Problem details:
Copy each line of the records below, from the first through the one that contains "using that \<open>0", exactly as written.
#####
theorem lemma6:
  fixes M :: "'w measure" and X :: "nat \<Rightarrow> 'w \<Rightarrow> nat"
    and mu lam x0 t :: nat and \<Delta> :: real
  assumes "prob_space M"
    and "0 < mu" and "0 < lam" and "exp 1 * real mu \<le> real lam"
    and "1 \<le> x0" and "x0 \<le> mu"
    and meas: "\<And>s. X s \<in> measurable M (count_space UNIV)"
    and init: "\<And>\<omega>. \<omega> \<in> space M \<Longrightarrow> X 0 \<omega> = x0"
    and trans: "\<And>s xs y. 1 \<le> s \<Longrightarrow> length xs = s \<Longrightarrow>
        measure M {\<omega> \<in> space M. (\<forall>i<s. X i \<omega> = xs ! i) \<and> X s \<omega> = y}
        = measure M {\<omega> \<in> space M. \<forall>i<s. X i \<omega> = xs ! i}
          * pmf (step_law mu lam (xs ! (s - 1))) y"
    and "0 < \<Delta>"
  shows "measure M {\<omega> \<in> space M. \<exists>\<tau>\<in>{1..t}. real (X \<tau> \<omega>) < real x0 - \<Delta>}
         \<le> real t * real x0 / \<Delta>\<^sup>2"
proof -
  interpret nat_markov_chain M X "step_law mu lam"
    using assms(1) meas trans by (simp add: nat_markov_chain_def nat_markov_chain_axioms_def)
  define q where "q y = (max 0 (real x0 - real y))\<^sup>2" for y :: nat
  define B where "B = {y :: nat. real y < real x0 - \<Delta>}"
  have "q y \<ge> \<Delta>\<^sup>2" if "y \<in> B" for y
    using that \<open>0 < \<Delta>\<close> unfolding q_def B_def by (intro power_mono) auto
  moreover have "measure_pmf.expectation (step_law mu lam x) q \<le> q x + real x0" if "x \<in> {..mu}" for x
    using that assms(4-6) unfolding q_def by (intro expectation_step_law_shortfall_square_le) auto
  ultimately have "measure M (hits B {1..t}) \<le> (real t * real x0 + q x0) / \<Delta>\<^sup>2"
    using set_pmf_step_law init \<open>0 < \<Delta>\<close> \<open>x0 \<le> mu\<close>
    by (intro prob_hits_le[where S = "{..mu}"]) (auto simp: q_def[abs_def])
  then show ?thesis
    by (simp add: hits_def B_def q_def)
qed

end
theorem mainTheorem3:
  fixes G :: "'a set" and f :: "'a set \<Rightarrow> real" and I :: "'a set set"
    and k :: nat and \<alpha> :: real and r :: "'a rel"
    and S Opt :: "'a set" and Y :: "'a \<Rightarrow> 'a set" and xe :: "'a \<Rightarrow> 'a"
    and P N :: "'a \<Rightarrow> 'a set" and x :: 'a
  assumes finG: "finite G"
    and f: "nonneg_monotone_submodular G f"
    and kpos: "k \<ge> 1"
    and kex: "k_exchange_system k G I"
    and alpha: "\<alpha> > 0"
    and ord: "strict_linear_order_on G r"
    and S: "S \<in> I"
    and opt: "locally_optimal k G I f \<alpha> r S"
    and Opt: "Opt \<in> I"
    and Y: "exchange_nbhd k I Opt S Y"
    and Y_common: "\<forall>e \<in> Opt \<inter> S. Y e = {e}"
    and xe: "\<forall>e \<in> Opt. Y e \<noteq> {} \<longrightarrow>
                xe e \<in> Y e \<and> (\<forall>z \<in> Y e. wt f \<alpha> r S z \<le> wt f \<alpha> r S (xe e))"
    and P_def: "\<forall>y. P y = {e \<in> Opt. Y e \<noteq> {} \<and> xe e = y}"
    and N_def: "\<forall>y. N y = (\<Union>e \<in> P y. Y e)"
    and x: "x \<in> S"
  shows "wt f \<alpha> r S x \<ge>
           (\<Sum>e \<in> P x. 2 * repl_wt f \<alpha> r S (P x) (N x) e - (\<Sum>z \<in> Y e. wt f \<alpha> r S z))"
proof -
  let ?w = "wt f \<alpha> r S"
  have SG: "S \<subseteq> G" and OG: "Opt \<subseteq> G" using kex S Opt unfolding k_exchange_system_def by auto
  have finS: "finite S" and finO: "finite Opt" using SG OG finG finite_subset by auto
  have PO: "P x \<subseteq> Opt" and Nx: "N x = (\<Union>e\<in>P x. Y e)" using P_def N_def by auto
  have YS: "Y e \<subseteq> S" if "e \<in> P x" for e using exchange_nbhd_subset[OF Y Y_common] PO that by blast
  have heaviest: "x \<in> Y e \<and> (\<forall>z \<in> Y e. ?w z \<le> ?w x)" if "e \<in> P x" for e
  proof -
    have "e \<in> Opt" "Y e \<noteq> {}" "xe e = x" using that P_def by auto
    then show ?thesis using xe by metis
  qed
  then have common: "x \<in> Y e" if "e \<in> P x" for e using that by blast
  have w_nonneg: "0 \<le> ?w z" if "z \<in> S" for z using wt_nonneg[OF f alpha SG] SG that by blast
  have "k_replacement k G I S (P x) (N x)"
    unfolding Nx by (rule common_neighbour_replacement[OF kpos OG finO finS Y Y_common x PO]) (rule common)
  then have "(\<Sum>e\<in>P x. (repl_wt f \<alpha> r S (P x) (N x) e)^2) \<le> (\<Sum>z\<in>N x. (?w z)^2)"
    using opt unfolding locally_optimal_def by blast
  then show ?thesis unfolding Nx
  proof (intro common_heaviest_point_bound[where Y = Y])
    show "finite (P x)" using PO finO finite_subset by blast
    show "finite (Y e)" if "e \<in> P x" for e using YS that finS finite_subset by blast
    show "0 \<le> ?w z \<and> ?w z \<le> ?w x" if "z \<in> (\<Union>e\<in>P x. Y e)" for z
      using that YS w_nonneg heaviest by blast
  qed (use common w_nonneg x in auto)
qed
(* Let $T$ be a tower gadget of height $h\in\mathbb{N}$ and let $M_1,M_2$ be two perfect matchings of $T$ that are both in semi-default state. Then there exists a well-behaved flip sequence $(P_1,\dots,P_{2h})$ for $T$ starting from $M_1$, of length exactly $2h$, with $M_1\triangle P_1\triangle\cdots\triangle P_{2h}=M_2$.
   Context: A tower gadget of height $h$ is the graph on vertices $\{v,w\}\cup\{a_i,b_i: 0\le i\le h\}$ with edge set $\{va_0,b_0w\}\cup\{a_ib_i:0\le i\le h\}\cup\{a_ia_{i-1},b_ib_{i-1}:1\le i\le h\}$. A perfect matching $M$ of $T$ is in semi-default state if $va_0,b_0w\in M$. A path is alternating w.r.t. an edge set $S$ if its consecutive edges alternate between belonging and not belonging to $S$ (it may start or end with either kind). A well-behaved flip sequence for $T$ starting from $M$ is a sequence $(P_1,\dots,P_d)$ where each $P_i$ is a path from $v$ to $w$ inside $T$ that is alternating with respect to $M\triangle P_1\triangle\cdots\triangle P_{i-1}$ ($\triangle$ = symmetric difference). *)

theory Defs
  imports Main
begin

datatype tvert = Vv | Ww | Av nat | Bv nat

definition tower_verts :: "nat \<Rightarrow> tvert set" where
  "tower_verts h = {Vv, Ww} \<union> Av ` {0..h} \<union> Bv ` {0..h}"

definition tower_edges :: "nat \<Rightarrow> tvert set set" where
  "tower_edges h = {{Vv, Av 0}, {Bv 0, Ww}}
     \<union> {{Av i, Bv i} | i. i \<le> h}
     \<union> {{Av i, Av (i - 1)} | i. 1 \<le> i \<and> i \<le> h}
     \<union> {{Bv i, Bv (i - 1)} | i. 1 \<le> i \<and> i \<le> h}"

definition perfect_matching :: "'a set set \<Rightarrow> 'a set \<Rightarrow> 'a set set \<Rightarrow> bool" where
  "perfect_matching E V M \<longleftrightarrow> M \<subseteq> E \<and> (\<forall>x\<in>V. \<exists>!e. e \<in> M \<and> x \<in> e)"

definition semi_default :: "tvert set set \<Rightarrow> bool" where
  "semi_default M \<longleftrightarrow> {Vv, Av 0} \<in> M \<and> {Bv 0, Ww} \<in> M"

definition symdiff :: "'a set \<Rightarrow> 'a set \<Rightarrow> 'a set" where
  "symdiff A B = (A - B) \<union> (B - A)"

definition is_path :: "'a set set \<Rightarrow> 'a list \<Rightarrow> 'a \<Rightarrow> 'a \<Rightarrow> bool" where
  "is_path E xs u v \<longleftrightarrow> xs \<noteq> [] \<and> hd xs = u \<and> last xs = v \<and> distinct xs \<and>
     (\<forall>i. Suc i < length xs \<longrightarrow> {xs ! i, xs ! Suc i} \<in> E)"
#####
Solution to this task:
theorem lemma6:
  fixes M :: "'w measure" and X :: "nat \<Rightarrow> 'w \<Rightarrow> nat"
    and mu lam x0 t :: nat and \<Delta> :: real
  assumes "prob_space M"
    and "0 < mu" and "0 < lam" and "exp 1 * real mu \<le> real lam"
    and "1 \<le> x0" and "x0 \<le> mu"
    and meas: "\<And>s. X s \<in> measurable M (count_space UNIV)"
    and init: "\<And>\<omega>. \<omega> \<in> space M \<Longrightarrow> X 0 \<omega> = x0"
    and trans: "\<And>s xs y. 1 \<le> s \<Longrightarrow> length xs = s \<Longrightarrow>
        measure M {\<omega> \<in> space M. (\<forall>i<s. X i \<omega> = xs ! i) \<and> X s \<omega> = y}
        = measure M {\<omega> \<in> space M. \<forall>i<s. X i \<omega> = xs ! i}
          * pmf (step_law mu lam (xs ! (s - 1))) y"
    and "0 < \<Delta>"
  shows "measure M {\<omega> \<in> space M. \<exists>\<tau>\<in>{1..t}. real (X \<tau> \<omega>) < real x0 - \<Delta>}
         \<le> real t * real x0 / \<Delta>\<^sup>2"
proof -
  interpret nat_markov_chain M X "step_law mu lam"
    using assms(1) meas trans by (simp add: nat_markov_chain_def nat_markov_chain_axioms_def)
  define q where "q y = (max 0 (real x0 - real y))\<^sup>2" for y :: nat
  define B where "B = {y :: nat. real y < real x0 - \<Delta>}"
  have "q y \<ge> \<Delta>\<^sup>2" if "y \<in> B" for y
    using that \<open>0 < \<Delta>\<close> unfolding q_def B_def by (intro power_mono) auto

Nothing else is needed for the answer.